(Beginning of SOURCE DATA)

text \<open>Monic polynomials: P_0 = 1, P_1 = x (since C_0 P_{-1} = 0),
  P_{n+2} = x P_{n+1} - C_{n+1} P_n.\<close>
fun Pn :: "real \<Rightarrow> nat \<Rightarrow> complex poly" where
  "Pn q 0 = 1"
| "Pn q (Suc 0) = [:0, 1:]"
| "Pn q (Suc (Suc n)) = [:0, 1:] * Pn q (Suc n) - smult (complex_of_real (Cn q (int n + 1))) (Pn q n)"

definition P :: "real \<Rightarrow> int \<Rightarrow> complex poly" where
  "P q j = (if j < 0 then 0 else Pn q (nat j))"

definition an :: "real \<Rightarrow> int \<Rightarrow> real" where
  "an q n = ((alpha q)\<^sup>2 - 1) * gamman q n"

definition bn :: "real \<Rightarrow> int \<Rightarrow> real" where
  "bn q n = - (1/2) * (1 - ((-1::real) powi n) * q powr (real_of_int n / 2))
                    * (((-1::real) powi n) - q powr (- (real_of_int n - 1) / 2))"

definition cn :: "real \<Rightarrow> int \<Rightarrow> real" where
  "cn q n = bn q (n + 1) * Cn q n - alpha q * bn q n * Cn q (n - 1)
            - ((alpha q)\<^sup>2 - 1) * gamman q n * Cn q n"

definition dn :: "real \<Rightarrow> int \<Rightarrow> real" where
  "dn q n = (bn q (n - 1) * Cn q n - alpha q * bn q n * Cn q (n - 1)) * Cn q (n - 2)"

end

theory Submission
  imports Defs
begin

text \<open>On the grid, x(s+1/2) + x(s-1/2) = 2 alpha x(s) and (x(s+1/2) - x(s-1/2))^2 = 4 U2(x(s)).
  These give the product rules S(x f) = alpha x S f + U2 D f and D(x f) = alpha x D f + S f.
  Applied to the three-term recurrence x P_n = P_(n+1) + C_n P_(n-1), they express S P_(n+1) and
  U2 D P_(n+1) through S and U2 D of P_n and P_(n-1). The claimed expansions obey the same
  recurrences because of a handful of identities between the coefficients, which are Laurent
  polynomial identities in q^(1/2) and q^(n/2); induction from n = 0, 1 finishes the proof.\<close>

abbreviation xc :: "real \<Rightarrow> real \<Rightarrow> complex" where
  "xc q s \<equiv> complex_of_real (xq q s)"

lemma xq_powr: "xq q s = (q powr s + 1 / q powr s) / 2"
  by (simp add: xq_def powr_minus_divide)

lemma xq_half_shifts:
  "xq q (s + 1/2) = (q powr s * q powr (1/2) + 1 / (q powr s * q powr (1/2))) / 2"
  "xq q (s - 1/2) = (q powr s / q powr (1/2) + q powr (1/2) / q powr s) / 2"
  unfolding xq_def powr_add powr_diff powr_minus_divide minus_diff_eq
  by (simp_all only: minus_add_distrib powr_diff)

lemma alpha_powr: "alpha q = (q powr (1/2) + 1 / q powr (1/2)) / 2"
proof -
  have "(-1/2::real) = - (1/2)" by simp
  then show ?thesis unfolding alpha_def by (simp only: powr_minus_divide)
qed

lemma xq_shift_sum:
  assumes "0 < q"
  shows "xq q (s + 1/2) + xq q (s - 1/2) = 2 * alpha q * xq q s"
proof -
  define r z where "r = q powr (1/2)" and "z = q powr s"
  have "0 < r" "0 < z" using assms by (simp_all add: r_def z_def)
  then have "(z * r + 1 / (z * r)) / 2 + (z / r + r / z) / 2 = 2 * ((r + 1/r) / 2) * ((z + 1/z) / 2)"
    by (simp add: field_simps)
  then show ?thesis unfolding xq_half_shifts xq_powr[of q s] alpha_powr r_def z_def .
qed

lemma xq_shift_diff:
  assumes "0 < q"
  shows "xq q (s + 1/2) - xq q (s - 1/2)
    = (q powr (1/2) - 1 / q powr (1/2)) * (q powr s - 1 / q powr s) / 2"
proof -
  define r z where "r = q powr (1/2)" and "z = q powr s"
  have "0 < r" "0 < z" using assms by (simp_all add: r_def z_def)
  then have "(z * r + 1 / (z * r)) / 2 - (z / r + r / z) / 2 = (r - 1/r) * (z - 1/z) / 2"
    by (simp add: field_simps)
  then show ?thesis unfolding xq_half_shifts r_def z_def .
qed

lemma xq_shift_diff_squared:
  assumes "0 < q"
  shows "(xq q (s + 1/2) - xq q (s - 1/2))\<^sup>2 = 4 * ((alpha q)\<^sup>2 - 1) * ((xq q s)\<^sup>2 - 1)"
proof -
  define r z where "r = q powr (1/2)" and "z = q powr s"
  have "0 < r" "0 < z" using assms by (simp_all add: r_def z_def)
  then have "((r - 1/r) * (z - 1/z) / 2)\<^sup>2 = 4 * (((r + 1/r) / 2)\<^sup>2 - 1) * (((z + 1/z) / 2)\<^sup>2 - 1)"
    by (simp add: field_simps power2_eq_square)
  then show ?thesis unfolding xq_shift_diff[OF assms] alpha_powr xq_powr[of q s] r_def z_def .
qed

lemma sub_inverse_nonzero: "0 < (r::real) \<Longrightarrow> r \<noteq> 1 \<Longrightarrow> r - 1 / r \<noteq> 0"
  by (auto simp: field_simps power2_eq_square[symmetric] power2_eq_1_iff)

lemma xq_shift_diff_nonzero:
  assumes "0 < q" "q \<noteq> 1" "s \<noteq> 0"
  shows "xq q (s + 1/2) \<noteq> xq q (s - 1/2)"
proof -
  have "q powr (1/2) - 1 / q powr (1/2) \<noteq> 0" "q powr s - 1 / q powr s \<noteq> 0"
    by (rule sub_inverse_nonzero; use assms in simp)+
  then have "xq q (s + 1/2) - xq q (s - 1/2) \<noteq> 0"
    unfolding xq_shift_diff[OF assms(1)] by simp
  then show ?thesis by simp
qed

lemma xq_inj_on_nonneg:
  assumes "0 < q" "q \<noteq> 1"
  shows "inj_on (xq q) {0..}"
proof (rule inj_onI)
  fix s s' assume s: "s \<in> {0..}" "s' \<in> {0..}" and eq: "xq q s = xq q s'"
  define z w where "z = q powr s" and "w = q powr s'"
  have pos: "0 < z" "0 < w" using assms by (simp_all add: z_def w_def)
  have "(z - w) * (z * w - 1) = 0"
    using eq pos unfolding xq_powr z_def[symmetric] w_def[symmetric] by (simp add: field_simps)
  then consider "z = w" | "z * w = 1" by auto
  then show "s = s'"
  proof cases
    case 1
    then show ?thesis using assms by (simp add: z_def w_def powr_inj)
  next
    case 2
    then have "q powr (s + s') = 1" by (simp add: z_def w_def powr_add)
    then show ?thesis using assms s by simp
  qed
qed

lemma poly_eq_on_grid:
  assumes "0 < q" "q \<noteq> 1" and eq: "\<And>s. 0 < s \<Longrightarrow> poly p (xc q s) = poly r (xc q s)"
  shows "p = r"
proof (rule ccontr)
  assume "p \<noteq> r"
  then have "finite {y. poly (p - r) y = 0}" by (intro poly_roots_finite) simp
  moreover have "complex_of_real ` xq q ` {0<..} \<subseteq> {y. poly (p - r) y = 0}"
    using eq by auto
  moreover have "inj_on (complex_of_real \<circ> xq q) {0<..}"
    using xq_inj_on_nonneg[OF assms(1,2)] inj_of_real
    by (auto intro!: comp_inj_on inj_on_subset[of _ "{0..}"] simp: inj_on_def)
  then have "infinite ((complex_of_real \<circ> xq q) ` {0<..})"
    using finite_imageD infinite_Ioi by blast
  then have "infinite (complex_of_real ` xq q ` {0<..})"
    by (simp add: image_comp)
  ultimately show False by (meson finite_subset)
qed

definition is_Sq :: "real \<Rightarrow> complex poly \<Rightarrow> complex poly \<Rightarrow> bool" where
  "is_Sq q f g \<longleftrightarrow>
     (\<forall>s. poly g (xc q s) = (poly f (xc q (s + 1/2)) + poly f (xc q (s - 1/2))) / 2)"

definition is_Dq :: "real \<Rightarrow> complex poly \<Rightarrow> complex poly \<Rightarrow> bool" where
  "is_Dq q f g \<longleftrightarrow>
     (\<forall>s. (xc q (s + 1/2) - xc q (s - 1/2)) * poly g (xc q s)
            = poly f (xc q (s + 1/2)) - poly f (xc q (s - 1/2)))"

lemma Sq_eqI:
  assumes "0 < q" "q \<noteq> 1" "is_Sq q f g"
  shows "Sq q f = g"
  unfolding Sq_def
proof (rule the_equality)
  show "\<forall>s. poly g (xc q s) = (poly f (xc q (s + 1/2)) + poly f (xc q (s - 1/2))) / 2"
    using assms(3) by (simp add: is_Sq_def)
  fix g' assume "\<forall>s. poly g' (xc q s) = (poly f (xc q (s + 1/2)) + poly f (xc q (s - 1/2))) / 2"
  with assms(3) show "g' = g"
    unfolding is_Sq_def by (intro poly_eq_on_grid[OF assms(1,2)]) metis
qed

(End of SOURCE DATA)

WORK REQUIRED
Look for the word "shows". Copy out every line of the data that has it.

YOUR SOLUTION
  shows "xq q (s + 1/2) + xq q (s - 1/2) = 2 * alpha q * xq q s"
  shows "xq q (s + 1/2) - xq q (s - 1/2)
  shows "(xq q (s + 1/2) - xq q (s - 1/2))\<^sup>2 = 4 * ((alpha q)\<^sup>2 - 1) * ((xq q s)\<^sup>2 - 1)"
  shows "xq q (s + 1/2) \<noteq> xq q (s - 1/2)"
  shows "inj_on (xq q) {0..}"
  shows "p = r"
  shows "Sq q f = g"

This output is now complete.